O país dos que não têm irmãos

Por johanna nublat

“E você tem irmãos?” é uma pergunta que eu canso de fazer aos chineses jovens com quem converso, para logo em seguida pensar que a pergunta é indevida por conta da famosa política do filho único.

Também sempre me sobressalto quando vejo uma mãe chinesa puxando duas crianças.

Mas não é bem assim, e pensar que “os chineses” não têm irmãos é obviamente um erro (proposital, no caso do título deste post).

A política do filho único foi implementada, na China, em 1979. Naquele momento, o país era a casa de um quarto da população mundial, sendo que dois em cada três chineses tinham menos de 30 anos –e, assim, ainda teriam filhos.
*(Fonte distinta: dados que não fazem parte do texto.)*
lemma sum_index_set_prod:
  fixes g :: "nat \<Rightarrow> nat \<Rightarrow> 'a::comm_semiring_1"
  shows "(\<Sum>is\<in>index_set es. \<Prod>j<length es. g j (is ! j)) = (\<Prod>j<length es. \<Sum>t<es ! j. g j t)"
proof (induction es arbitrary: g)
  case Nil
  then show ?case by (simp add: index_set_Nil)
next
  case (Cons d es)
  have inj: "inj_on (\<lambda>(t, is). t # is) ({..<d} \<times> index_set es)" by (auto simp: inj_on_def)
  have "(\<Sum>is\<in>index_set (d # es). \<Prod>j<length (d # es). g j (is ! j))
      = (\<Sum>(t, is)\<in>{..<d} \<times> index_set es. g 0 t * (\<Prod>j<length es. g (Suc j) (is ! j)))"
    unfolding index_set_Cons sum.reindex[OF inj]
    by (intro sum.cong refl) (auto simp del: prod.lessThan_Suc simp add: prod.lessThan_Suc_shift)
  also have "\<dots> = (\<Sum>t<d. g 0 t * (\<Sum>is\<in>index_set es. \<Prod>j<length es. g (Suc j) (is ! j)))"
    by (simp add: sum.cartesian_product[symmetric] sum_distrib_left)
  also have "\<dots> = (\<Sum>t<d. g 0 t) * (\<Prod>j<length es. \<Sum>t<es ! j. g (Suc j) t)"
    using Cons.IH[of "\<lambda>j. g (Suc j)"] by (simp add: sum_distrib_right)
  also have "\<dots> = (\<Prod>j<length (d # es). \<Sum>t<(d # es) ! j. g j t)"
    by (simp del: prod.lessThan_Suc add: prod.lessThan_Suc_shift)
  finally show ?case .
qed

lemma multilin_orth_decomposition:
  assumes "orth_decomposition es r lam a T"
  shows "multilin es T xs = (\<Sum>n<r. lam n * (\<Prod>j<length es. \<Sum>t<es ! j. a n j t * xs j t))"
proof -
  have T: "\<forall>is\<in>index_set es. T is = (\<Sum>n<r. lam n * (\<Prod>j<length es. a n j (is ! j)))"
    using assms by (simp add: orth_decomposition_def)
  have "multilin es T xs = (\<Sum>is\<in>index_set es.
      (\<Sum>n<r. lam n * (\<Prod>j<length es. a n j (is ! j))) * (\<Prod>j<length es. xs j (is ! j)))"
    unfolding multilin_def using T by (intro sum.cong refl) simp
  also have "\<dots> = (\<Sum>n<r. lam n * (\<Sum>is\<in>index_set es. \<Prod>j<length es. a n j (is ! j) * xs j (is ! j)))"
    by (simp add: sum_distrib_right sum_distrib_left prod.distrib mult_ac sum.swap[of _ "index_set es"])
  also have "\<dots> = (\<Sum>n<r. lam n * (\<Prod>j<length es. \<Sum>t<es ! j. a n j t * xs j t))"
    by (simp add: sum_index_set_prod[where g = "\<lambda>j t. a _ j t * xs j t"])
  finally show ?thesis .
qed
Para complicar, a população tinha disponível 7% das terras cultiváveis do planeta, segundo informa o artigo “The effect of China’s one-child family policy after 25 years”, de 2005, de Therese Hesketh, Li Lu e Zhu Wei Xing.

Segundo os autores, de forma geral, a política de 1979 estabeleceu o limite de um filho por casal nas áreas urbanas e para funcionários do governo, com poucas exceções.

Quem vivia nas cidades, só poderia ter o segundo filho caso tanto o marido quanto a mulher fossem filhos únicos, algo pouco comum no país, no final do século passado. Outra exceção era para primeiros filho nascidos com alguma deficiência.

No campo, que, naquela época abrigava mais de 70% da população, a política era mais relaxada, permitindo um segundo filho caso o primeiro fosse uma menina e desde que houvesse um espaçamento de alguns anos entre um e outro. Minorias étnicas e pessoas que viviam em regiões despovoadas poderiam ter até um terceiro. Expliquei de forma geral, já que há variações locais na aplicação da política.

Quem descumpre essas regras está sujeito a multas pesadíssimas, impossíveis de serem pagas pela maioria dos chineses.

Entre 1979 e 2004, a China viu a taxa de filhos por mulher cair de 2.9 para 1.7, abaixo do índice para reposição populacional. E uma queda ainda mais sensível ocorreu, segundo os autores do artigo, nos primeiros anos da década de 70, quando uma primeira política de redução da natalidade foi aplicada, orientando as famílias a ter menos filhos, mais tarde e de forma mais espaçada.

Desde então, o governo calcula ter reduzido o número de nascimentos em 400 milhões –em uma população que passa, hoje, de 1,3 bilhão.

Em um texto publicado no ano passado, o professor de Harvard Martin King Whyte ressalva que a expansão econômica chinesa das últimas décadas, muito provavelmente, já teria o impacto de reduzir de forma importante as taxas de filhos por mulher.

“As relativamente baixas taxas de fertilidade, hoje, na China se devem menos à implementação forçada da política de filho único, e mais aos incentivos normais produzidos pelo aumento de renda e de nível educacional”, diz ele no texto.

Talvez seja desnecessário lembrar que a política do filho único é vista, por muitos, como uma aberração, causa de desequilíbrio entre o número de homens e mulheres, e desrespeito de direitos humanos por práticas associadas a ela –como abortos e esterilizações forçados, assassinato ou abandono de meninas recém-nascidas, etc.

Esse mês, foi noticiado que a flexibilização da política do filho único, feita pelo governo chinês em 2013, atraiu pouco interesse dos jovens casais chineses. Segundo a nova regra, podem ter o segundo filho casais em que a mulher ou o homem (e não mais ambos) é filho único.

Na avaliação do professor de Harvard, de qualquer forma, essa flexibilização teria pouco impacto demográfico, pois seriam poucos os casais elegíveis (já que, muitas vezes, tanto a mulher como o marido não têm irmãos) e não há mudanças para quem vive no campo. Assim, o grande avanço anunciado, continua, é político e simbólico.

Esse assunto tem inúmeras ramificações, sociais, econômicas, de comportamento. Não mencionei, por exemplo, a dor e o desamparo dos pais que perderam o filho único, ou a gigantesca pressão exercida pela família sobre o único filho (e único neto). Prometo voltar ao assunto.